Конечно, Баку ему часто снился. Леша не был там уже семь лет. Когда его
дядя приехал к ним в дом и сказал, что Леша может поступать в Москву, Ханум
устроила пир на весь мир. Родственники дали деньги, много денег. Леша их
долго не тратил, даже не залезал в кошелек, который хранился в общежитии у
коменданта. А когда кончились наличные и первая стипендия, Леша попросил
коменданта открыть сейф. Комендант удивился: зачем студенту понадобился
сейф? Денег своих Леша больше не увидел. Вот тогда-то и приняли его в свою
компанию оболтусы с четвертого этажа. Привилегированные шестикурсники,
"старички", "отцы".
Ганичев познакомился с Юлдашевым на кафедре.
Жилось Толику тогда неплохо: единственный сын своих родителей,
дипломата-папочки и наседки-мамочки, обитавших в ту пятилетку в основном на
английских полях для гольфа. Толик жил один в пятикомнатной квартире.
Квартира досталась отцу еще в конце сороковых, после того как всю семью,
жившую здесь до этого, увели под руки в известном направлении.
Вскоре Леша Юлдашев переселился к своему старшему другу и любовнику
Толику, аспиранту и гению химии, как его называли все студенты
прославленного химико-биологического...
Гильдия российских адвокатов была нежна, как весеннее солнышко... Она
была готова приласкать любого, бросающегося в ее лоно. Женечка Железнова
приехала в Гильдию проверить, не является ли пресловутое, набившее всем
оскомину "Сообщество" ее составной частью.
Первые вице-президенты Гильдии, демонстрируя приязнь к очаровательной
эфэсбэшнице, наперебой сообщали ей, что "нет, конечно", а начальник общего
отдела готов был даже станцевать перед ней какую-нибудь тарантеллу...
Впрочем, все они не очень устраивали Женечку. Она предпочла им другого.
В Гильдии на непонятной должности работал Сергей Лукницкий, более подходящий
ей для измены с любимым мужем. И на него-то была вся надежда. Они
отсутствовали часа три. Потом он вел ее, как царицу Тамару, по коридорам
Гильдии, из кабинетов выглядывали сотрудники.
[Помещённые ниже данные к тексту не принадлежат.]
lemma cross2_T_mat2_T:
  assumes T_eq: "\<And>s. T s = mat2 M (\<gamma> s) + d"
  shows "cross2 (T s) (mat2 M (T s)) = sgn (cross2 (d1 \<gamma> s) (d2 \<gamma> s))"
proof -
  let ?A = "mat2 M"
  have "T = (\<lambda>t. ?A (\<gamma> t) + d)"
    using T_eq by (simp add: fun_eq_iff)
  then have "(T has_vector_derivative ?A (d1 \<gamma> s)) (at s)"
    using has_vector_derivative_mat2[OF has_vector_derivative_d1]
    by (simp add: has_vector_derivative_add_const)
  then have T_deriv: "(T has_vector_derivative \<rho> s *\<^sub>R ?A (T s)) (at s)"
    by (simp add: d1_eq_\<rho>_T mat2_scaleR)
  have "((\<lambda>t. cross2 (T t) (d1 \<gamma> t)) has_real_derivative
      cross2 (T s) (d2 \<gamma> s) + cross2 (\<rho> s *\<^sub>R ?A (T s)) (d1 \<gamma> s)) (at s)"
    by (rule has_real_derivative_cross2[OF T_deriv has_vector_derivative_d2])
  moreover have "cross2 (T t) (d1 \<gamma> t) = 0" for t
    by (simp add: d1_eq_\<rho>_T cross2_scaleR_right)
  ultimately have "cross2 (T s) (d2 \<gamma> s) + cross2 (\<rho> s *\<^sub>R ?A (T s)) (d1 \<gamma> s) = 0"
    by (intro DERIV_eventually_const_imp_zero) auto
  then have "cross2 (T s) (d2 \<gamma> s) = \<rho> s ^ 2 * cross2 (T s) (?A (T s))"
    using cross2_commute[of "?A (T s)" "T s"]
    by (simp add: d1_eq_\<rho>_T cross2_scaleR_left cross2_scaleR_right power2_eq_square algebra_simps)
  then have "cross2 (d1 \<gamma> s) (d2 \<gamma> s) = \<rho> s ^ 3 * cross2 (T s) (?A (T s))"
    by (simp add: d1_eq_\<rho>_T cross2_scaleR_left power2_eq_square power3_eq_cube)
  then have "cross2 (d1 \<gamma> s) (d2 \<gamma> s) = \<bar>cross2 (d1 \<gamma> s) (d2 \<gamma> s)\<bar> * cross2 (T s) (?A (T s))"
    unfolding \<rho>_cube .
  then have "cross2 (T s) (?A (T s)) = cross2 (d1 \<gamma> s) (d2 \<gamma> s) / \<bar>cross2 (d1 \<gamma> s) (d2 \<gamma> s)\<bar>"
    using cross2_d1_d2_nonzero[of s] by (simp add: eq_divide_eq mult.commute)
  then show ?thesis
    by (simp add: real_sgn_eq)
qed

lemma affine_velocity_field:
  obtains a b c e d \<sigma> where "\<sigma> \<noteq> 0"
    "\<And>s. d1 \<gamma> s = \<rho> s *\<^sub>R (mat2 (a, b, c, e) (\<gamma> s) + d)"
    "\<And>s. cross2 (mat2 (a, b, c, e) (\<gamma> s) + d) (mat2 (a, b, c, e) (mat2 (a, b, c, e) (\<gamma> s) + d)) = \<sigma>"
proof -
  obtain M d where T_eq: "\<And>s. T s = mat2 M (\<gamma> s) + d"
    using T_affine by blast
  obtain a b c e where M: "M = (a, b, c, e)"
    by (cases M)
  have sgn_const: "sgn (cross2 (d1 \<gamma> s) (d2 \<gamma> s)) = sgn (cross2 (d1 \<gamma> 0) (d2 \<gamma> 0))" for s
    by (rule continuous_on_nonzero_sgn_eq[OF connected_UNIV continuous_on_cross2_d1_d2])
      (simp_all add: cross2_d1_d2_nonzero)
  show ?thesis
  proof (rule that[of "sgn (cross2 (d1 \<gamma> 0) (d2 \<gamma> 0))" a b c e d])
    show "sgn (cross2 (d1 \<gamma> 0) (d2 \<gamma> 0)) \<noteq> 0"
      using cross2_d1_d2_nonzero by (simp add: sgn_0_0)
    show "d1 \<gamma> s = \<rho> s *\<^sub>R (mat2 (a, b, c, e) (\<gamma> s) + d)" for s
      using d1_eq_\<rho>_T T_eq M by simp
    show "cross2 (mat2 (a, b, c, e) (\<gamma> s) + d) (mat2 (a, b, c, e) (mat2 (a, b, c, e) (\<gamma> s) + d))
        = sgn (cross2 (d1 \<gamma> 0) (d2 \<gamma> 0))" for s
      using cross2_T_mat2_T[OF T_eq, of s] sgn_const T_eq M by simp
  qed
qed

end

section \<open>Closed curves tangent to an affine vector field\<close>

locale affine_velocity_loop =
  fixes \<gamma> :: "real \<Rightarrow> complex" and \<rho> :: "real \<Rightarrow> real" and a b c e :: real and d :: complex
    and \<sigma> L :: real
  assumes velocity: "\<And>s. (\<gamma> has_vector_derivative \<rho> s *\<^sub>R (mat2 (a, b, c, e) (\<gamma> s) + d)) (at s)"
    and speed_pos: "\<And>s. \<rho> s > 0"
    and cross2_field: "\<And>s. cross2 (mat2 (a, b, c, e) (\<gamma> s) + d) (mat2 (a, b, c, e) (mat2 (a, b, c, e) (\<gamma> s) + d)) = \<sigma>"
    and \<sigma>_nonzero: "\<sigma> \<noteq> 0"
    and period_pos: "L > 0"
    and closed: "\<gamma> L = \<gamma> 0"
begin

abbreviation A :: "complex \<Rightarrow> complex" where
  "A \<equiv> mat2 (a, b, c, e)"

definition Y :: "real \<Rightarrow> complex" where
  "Y s = A (\<gamma> s) + d"

lemma cross2_Y: "cross2 (Y s) (A (Y s)) = \<sigma>"
  using cross2_field by (simp add: Y_def)

lemma has_vector_derivative_Y: "(Y has_vector_derivative \<rho> s *\<^sub>R A (Y s)) (at s)"
proof -
  have "((\<lambda>t. A (\<gamma> t) + d) has_vector_derivative A (\<rho> s *\<^sub>R (A (\<gamma> s) + d))) (at s)"
    using has_vector_derivative_mat2[OF velocity] by (simp add: has_vector_derivative_add_const)
  then show ?thesis
    unfolding Y_def[abs_def] by (simp add: mat2_scaleR)
qed

lemma has_vector_derivative_AY: "((\<lambda>t. A (Y t)) has_vector_derivative \<rho> s *\<^sub>R A (A (Y s))) (at s)"
  using has_vector_derivative_mat2[OF has_vector_derivative_Y] by (simp add: mat2_scaleR)

lemma trace_zero: "a + e = 0"
proof -
  have "((\<lambda>t. cross2 (Y t) (A (Y t))) has_real_derivative
      cross2 (Y 0) (\<rho> 0 *\<^sub>R A (A (Y 0))) + cross2 (\<rho> 0 *\<^sub>R A (Y 0)) (A (Y 0))) (at 0)"
    by (rule has_real_derivative_cross2[OF has_vector_derivative_Y has_vector_derivative_AY])
  then have "cross2 (Y 0) (\<rho> 0 *\<^sub>R A (A (Y 0))) + cross2 (\<rho> 0 *\<^sub>R A (Y 0)) (A (Y 0)) = 0"
    by (rule DERIV_eventually_const_imp_zero) (simp add: cross2_Y)
  then have "\<rho> 0 * ((a + e) * \<sigma>) = 0"
    by (simp add: cross2_scaleR_left cross2_scaleR_right cross2_mat2_mat2 cross2_Y)
  then show ?thesis
    using speed_pos[of 0] \<sigma>_nonzero by simp
qed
Насладившись жизнью, Женечка узнала главное: "Сообщество" -- не детище
Гильдии. Можно прекрасно писать представление Минюсту. А в Гильдии ей
понравилось. Милые добрые люди.
Старик пошел в сторону Флотской улицы, вдоль шоссе, гудящего и
фыркающего, разбрызгивающего подтаявший снег во все стороны. Он шел
навстречу движению, утопая в неубранных снежных кучах, красиво отбрасывая
трость вперед, в сторону, назад. Снегов наблюдал за ним, долго не трогаясь с
места, ибо стоял он в глубине детской площадки, за деревянным домиком,
далеко впереди. Не увязывалась эта трость с церковным одеянием старика. Было
похоже, что Марк Захарыч собирается идти домой пешком: весь транспорт
оставался у него за спиной -- и метро, и остановки автобусов, троллейбусов.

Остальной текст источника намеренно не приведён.